[Data entries]

***

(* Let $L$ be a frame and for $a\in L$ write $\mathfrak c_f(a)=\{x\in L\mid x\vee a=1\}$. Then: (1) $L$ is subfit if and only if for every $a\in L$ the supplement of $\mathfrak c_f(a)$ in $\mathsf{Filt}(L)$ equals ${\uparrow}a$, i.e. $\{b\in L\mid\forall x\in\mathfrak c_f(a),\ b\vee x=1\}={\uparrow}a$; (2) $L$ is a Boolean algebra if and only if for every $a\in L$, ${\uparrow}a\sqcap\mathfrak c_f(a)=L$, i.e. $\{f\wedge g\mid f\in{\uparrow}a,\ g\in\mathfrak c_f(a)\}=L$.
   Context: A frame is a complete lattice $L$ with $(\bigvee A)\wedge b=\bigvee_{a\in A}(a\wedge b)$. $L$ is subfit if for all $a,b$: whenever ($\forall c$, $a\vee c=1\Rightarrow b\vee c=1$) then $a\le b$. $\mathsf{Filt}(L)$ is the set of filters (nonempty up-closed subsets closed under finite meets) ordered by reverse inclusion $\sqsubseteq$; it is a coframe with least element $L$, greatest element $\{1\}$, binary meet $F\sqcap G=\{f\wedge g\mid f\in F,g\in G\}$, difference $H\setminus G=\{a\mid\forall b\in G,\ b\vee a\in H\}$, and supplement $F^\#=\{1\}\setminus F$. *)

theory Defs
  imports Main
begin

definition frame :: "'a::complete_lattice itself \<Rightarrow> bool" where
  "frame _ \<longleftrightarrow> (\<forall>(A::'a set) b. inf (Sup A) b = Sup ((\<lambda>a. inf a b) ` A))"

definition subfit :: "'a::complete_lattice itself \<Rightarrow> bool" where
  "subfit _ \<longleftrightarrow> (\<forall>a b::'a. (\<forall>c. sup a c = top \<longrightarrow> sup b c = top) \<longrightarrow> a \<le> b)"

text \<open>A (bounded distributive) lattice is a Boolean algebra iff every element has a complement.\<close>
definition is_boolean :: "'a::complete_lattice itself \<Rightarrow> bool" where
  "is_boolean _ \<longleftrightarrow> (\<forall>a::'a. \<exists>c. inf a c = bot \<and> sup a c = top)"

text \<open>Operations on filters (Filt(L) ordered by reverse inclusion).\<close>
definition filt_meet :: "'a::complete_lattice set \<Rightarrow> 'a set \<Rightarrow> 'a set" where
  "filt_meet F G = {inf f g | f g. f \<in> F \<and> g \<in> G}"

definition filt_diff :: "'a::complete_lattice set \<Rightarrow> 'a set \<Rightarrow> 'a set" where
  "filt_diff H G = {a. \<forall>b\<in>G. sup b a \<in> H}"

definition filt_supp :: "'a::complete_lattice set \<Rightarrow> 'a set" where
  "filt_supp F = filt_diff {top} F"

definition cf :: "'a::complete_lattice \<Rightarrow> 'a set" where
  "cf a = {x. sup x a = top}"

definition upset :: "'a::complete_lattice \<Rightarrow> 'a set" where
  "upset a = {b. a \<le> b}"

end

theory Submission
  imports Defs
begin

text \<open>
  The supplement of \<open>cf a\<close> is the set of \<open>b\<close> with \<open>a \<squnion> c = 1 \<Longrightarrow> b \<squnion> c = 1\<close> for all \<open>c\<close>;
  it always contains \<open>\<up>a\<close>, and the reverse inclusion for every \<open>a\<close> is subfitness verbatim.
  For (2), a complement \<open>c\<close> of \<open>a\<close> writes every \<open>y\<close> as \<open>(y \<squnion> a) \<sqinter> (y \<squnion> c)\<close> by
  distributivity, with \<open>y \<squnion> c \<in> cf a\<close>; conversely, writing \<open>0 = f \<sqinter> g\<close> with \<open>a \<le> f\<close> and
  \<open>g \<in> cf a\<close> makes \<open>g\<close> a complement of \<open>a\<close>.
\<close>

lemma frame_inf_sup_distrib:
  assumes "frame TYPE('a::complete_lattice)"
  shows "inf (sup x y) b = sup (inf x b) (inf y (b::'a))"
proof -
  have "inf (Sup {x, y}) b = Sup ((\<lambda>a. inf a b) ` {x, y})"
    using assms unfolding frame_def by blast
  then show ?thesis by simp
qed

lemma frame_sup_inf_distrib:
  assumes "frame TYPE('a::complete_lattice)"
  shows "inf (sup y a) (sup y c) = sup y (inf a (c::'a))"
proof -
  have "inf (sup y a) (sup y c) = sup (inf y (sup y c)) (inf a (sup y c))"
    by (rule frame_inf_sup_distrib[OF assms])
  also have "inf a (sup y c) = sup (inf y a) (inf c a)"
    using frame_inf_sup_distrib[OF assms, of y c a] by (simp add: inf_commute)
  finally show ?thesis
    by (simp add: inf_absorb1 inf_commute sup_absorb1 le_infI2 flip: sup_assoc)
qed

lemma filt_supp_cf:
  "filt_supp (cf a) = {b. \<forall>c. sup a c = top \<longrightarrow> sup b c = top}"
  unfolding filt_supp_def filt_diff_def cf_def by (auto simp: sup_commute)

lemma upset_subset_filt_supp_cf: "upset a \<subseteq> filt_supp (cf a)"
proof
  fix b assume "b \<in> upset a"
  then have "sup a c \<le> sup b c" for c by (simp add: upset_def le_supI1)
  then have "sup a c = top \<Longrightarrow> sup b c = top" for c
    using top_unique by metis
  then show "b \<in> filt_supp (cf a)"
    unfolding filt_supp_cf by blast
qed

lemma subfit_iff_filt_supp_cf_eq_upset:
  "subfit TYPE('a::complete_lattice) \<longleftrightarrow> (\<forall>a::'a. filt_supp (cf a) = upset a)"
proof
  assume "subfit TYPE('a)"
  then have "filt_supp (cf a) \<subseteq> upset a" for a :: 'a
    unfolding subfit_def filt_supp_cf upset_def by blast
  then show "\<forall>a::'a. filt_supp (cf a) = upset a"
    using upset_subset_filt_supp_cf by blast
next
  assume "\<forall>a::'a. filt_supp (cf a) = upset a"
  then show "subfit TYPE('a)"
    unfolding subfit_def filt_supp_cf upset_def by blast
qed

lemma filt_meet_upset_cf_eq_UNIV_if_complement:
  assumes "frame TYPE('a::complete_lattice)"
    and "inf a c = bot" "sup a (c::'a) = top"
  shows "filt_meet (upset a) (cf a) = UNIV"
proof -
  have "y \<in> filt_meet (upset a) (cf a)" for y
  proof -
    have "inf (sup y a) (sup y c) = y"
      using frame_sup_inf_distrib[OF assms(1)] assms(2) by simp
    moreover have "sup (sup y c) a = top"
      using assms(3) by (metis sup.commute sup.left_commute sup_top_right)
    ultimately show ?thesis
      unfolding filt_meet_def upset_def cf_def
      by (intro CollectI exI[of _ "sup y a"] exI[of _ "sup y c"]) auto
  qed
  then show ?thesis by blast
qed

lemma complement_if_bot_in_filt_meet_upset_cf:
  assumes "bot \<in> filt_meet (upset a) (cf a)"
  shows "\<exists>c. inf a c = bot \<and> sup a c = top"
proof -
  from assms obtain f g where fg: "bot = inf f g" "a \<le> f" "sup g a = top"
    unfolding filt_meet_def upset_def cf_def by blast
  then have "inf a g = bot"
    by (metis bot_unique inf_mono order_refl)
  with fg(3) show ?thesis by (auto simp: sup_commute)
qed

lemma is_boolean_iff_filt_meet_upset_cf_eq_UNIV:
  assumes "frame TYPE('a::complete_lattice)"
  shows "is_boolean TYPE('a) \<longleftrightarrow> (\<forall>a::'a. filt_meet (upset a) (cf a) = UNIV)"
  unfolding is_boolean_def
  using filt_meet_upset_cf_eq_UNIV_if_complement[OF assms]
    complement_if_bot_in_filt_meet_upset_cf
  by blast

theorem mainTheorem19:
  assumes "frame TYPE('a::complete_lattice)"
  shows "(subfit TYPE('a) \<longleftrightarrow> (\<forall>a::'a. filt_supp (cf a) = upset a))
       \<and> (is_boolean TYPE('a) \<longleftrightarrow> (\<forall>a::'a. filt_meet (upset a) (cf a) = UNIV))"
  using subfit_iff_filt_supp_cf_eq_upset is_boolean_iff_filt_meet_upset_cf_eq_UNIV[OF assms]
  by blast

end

***

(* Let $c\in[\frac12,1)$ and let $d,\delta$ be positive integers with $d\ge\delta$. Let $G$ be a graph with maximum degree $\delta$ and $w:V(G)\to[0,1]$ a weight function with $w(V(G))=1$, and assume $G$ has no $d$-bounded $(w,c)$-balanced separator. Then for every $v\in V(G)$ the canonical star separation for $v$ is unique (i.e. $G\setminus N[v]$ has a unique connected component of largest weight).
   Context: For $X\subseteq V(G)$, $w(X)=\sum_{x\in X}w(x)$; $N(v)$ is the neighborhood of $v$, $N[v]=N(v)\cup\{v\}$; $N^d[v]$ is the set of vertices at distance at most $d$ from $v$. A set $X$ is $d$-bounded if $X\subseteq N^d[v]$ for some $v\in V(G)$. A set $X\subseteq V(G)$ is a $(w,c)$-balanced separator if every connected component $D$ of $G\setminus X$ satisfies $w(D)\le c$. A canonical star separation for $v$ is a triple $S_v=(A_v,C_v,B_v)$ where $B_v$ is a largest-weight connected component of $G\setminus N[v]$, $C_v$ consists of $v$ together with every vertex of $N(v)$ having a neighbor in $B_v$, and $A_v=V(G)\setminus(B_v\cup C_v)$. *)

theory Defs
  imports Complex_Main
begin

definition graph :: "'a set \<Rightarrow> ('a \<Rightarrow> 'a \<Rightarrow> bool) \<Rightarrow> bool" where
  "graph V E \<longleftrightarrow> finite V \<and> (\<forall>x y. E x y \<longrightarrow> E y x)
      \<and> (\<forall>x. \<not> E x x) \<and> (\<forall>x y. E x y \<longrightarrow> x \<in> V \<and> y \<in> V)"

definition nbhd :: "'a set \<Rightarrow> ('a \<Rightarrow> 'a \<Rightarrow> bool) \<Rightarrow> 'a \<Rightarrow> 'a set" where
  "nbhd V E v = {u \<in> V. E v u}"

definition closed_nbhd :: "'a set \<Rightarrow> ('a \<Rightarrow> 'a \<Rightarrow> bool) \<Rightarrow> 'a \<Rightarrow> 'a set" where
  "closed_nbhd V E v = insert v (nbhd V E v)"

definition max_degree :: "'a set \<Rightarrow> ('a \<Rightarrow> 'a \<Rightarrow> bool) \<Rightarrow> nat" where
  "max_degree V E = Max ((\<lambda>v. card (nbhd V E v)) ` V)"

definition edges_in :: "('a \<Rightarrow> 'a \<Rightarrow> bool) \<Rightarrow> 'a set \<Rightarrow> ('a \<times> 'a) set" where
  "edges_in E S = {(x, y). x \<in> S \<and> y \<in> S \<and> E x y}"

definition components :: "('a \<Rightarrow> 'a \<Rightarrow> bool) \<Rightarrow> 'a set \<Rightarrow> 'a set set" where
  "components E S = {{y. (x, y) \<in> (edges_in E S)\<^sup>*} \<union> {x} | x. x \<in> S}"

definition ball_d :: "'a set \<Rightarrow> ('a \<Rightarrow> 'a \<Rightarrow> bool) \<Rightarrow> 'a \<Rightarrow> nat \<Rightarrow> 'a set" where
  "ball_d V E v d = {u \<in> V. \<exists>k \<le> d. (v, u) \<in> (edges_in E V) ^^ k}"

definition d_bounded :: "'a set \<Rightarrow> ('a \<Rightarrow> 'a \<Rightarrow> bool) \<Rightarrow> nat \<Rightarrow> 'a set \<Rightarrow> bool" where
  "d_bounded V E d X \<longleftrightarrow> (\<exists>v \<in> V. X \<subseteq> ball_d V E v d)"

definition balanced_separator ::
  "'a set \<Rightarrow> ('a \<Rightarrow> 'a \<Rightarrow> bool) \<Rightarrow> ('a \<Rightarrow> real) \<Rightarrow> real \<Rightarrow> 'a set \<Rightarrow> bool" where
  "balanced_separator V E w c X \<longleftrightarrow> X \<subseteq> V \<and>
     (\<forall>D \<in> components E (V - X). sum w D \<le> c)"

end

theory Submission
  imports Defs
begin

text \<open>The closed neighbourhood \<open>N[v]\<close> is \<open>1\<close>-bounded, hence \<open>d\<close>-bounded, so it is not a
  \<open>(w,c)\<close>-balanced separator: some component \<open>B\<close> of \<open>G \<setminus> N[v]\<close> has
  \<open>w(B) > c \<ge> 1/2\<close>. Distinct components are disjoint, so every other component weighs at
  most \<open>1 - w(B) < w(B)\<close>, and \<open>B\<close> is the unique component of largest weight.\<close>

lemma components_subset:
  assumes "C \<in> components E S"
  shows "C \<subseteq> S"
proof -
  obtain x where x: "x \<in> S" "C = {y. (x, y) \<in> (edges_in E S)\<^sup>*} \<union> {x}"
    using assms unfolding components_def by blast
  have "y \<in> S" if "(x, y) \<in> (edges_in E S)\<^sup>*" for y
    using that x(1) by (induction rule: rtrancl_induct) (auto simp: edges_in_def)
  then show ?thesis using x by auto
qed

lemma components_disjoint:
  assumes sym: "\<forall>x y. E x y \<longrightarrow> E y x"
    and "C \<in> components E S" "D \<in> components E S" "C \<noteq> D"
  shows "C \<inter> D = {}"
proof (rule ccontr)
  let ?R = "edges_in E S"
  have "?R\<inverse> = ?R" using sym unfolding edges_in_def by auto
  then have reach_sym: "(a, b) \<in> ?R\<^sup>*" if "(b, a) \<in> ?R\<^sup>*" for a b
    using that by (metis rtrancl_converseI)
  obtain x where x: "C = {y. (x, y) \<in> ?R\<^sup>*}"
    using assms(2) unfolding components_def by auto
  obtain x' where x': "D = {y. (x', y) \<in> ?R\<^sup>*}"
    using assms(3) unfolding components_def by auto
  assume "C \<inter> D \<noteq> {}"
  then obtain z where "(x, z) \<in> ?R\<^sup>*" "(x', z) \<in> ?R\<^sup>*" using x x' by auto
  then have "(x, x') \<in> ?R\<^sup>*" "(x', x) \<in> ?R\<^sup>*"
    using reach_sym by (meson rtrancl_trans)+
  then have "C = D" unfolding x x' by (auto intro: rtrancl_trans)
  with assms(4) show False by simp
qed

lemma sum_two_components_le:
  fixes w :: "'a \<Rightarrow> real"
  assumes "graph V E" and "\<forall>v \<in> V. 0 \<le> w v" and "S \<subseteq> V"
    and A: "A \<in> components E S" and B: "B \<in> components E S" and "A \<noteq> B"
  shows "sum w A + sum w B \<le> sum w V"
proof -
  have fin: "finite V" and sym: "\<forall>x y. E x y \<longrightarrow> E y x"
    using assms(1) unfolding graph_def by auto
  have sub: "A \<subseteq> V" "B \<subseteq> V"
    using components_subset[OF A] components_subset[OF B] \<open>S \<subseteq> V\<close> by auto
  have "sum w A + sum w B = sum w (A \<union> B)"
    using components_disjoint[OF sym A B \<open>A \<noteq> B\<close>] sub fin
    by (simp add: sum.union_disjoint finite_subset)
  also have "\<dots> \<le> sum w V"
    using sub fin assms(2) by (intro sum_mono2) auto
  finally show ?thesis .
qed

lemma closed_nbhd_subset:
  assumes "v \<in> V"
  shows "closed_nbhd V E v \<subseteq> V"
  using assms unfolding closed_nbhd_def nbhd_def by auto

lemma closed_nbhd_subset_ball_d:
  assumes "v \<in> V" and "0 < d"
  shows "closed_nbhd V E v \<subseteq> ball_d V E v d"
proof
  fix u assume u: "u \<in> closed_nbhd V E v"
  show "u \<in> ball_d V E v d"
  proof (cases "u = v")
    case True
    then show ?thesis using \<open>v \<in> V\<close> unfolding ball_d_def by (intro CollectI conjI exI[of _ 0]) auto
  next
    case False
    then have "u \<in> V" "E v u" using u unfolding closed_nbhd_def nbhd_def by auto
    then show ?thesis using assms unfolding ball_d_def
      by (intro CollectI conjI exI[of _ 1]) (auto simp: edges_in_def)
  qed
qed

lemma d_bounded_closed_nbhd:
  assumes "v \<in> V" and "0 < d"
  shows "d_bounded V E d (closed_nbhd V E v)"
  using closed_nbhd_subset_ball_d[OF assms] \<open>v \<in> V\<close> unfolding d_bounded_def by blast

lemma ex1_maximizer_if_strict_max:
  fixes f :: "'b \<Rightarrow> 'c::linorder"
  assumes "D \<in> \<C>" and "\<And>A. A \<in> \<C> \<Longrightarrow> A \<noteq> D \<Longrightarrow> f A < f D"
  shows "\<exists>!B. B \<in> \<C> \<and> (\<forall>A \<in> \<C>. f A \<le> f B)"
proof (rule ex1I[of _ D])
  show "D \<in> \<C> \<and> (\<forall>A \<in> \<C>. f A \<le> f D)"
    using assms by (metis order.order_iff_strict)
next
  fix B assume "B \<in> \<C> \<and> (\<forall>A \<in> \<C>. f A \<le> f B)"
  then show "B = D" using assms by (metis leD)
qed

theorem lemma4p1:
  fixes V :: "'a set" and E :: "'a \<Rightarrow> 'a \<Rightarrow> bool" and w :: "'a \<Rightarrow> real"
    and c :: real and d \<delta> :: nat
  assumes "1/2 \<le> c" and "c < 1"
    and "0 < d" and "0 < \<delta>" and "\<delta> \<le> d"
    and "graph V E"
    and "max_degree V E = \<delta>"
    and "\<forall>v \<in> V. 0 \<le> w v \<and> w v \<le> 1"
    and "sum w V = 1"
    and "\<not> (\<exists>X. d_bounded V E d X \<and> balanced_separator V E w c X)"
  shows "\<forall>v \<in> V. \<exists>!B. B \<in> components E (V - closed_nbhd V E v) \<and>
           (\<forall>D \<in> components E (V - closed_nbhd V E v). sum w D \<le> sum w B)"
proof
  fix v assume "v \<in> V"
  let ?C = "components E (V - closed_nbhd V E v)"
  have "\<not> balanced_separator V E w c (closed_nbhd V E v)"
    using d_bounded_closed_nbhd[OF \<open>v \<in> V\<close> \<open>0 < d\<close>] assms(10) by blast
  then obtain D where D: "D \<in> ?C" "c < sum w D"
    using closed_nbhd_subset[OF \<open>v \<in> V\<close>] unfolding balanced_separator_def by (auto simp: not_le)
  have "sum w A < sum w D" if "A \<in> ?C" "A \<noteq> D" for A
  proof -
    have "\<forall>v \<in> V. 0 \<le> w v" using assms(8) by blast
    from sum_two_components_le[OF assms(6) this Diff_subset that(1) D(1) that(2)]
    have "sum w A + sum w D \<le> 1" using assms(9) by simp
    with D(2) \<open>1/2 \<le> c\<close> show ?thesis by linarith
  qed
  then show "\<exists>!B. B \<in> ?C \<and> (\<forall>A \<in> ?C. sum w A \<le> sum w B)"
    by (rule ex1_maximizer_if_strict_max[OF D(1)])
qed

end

***

Within the entries above, work out the number of lines that include the string "lambda" and give only that.

3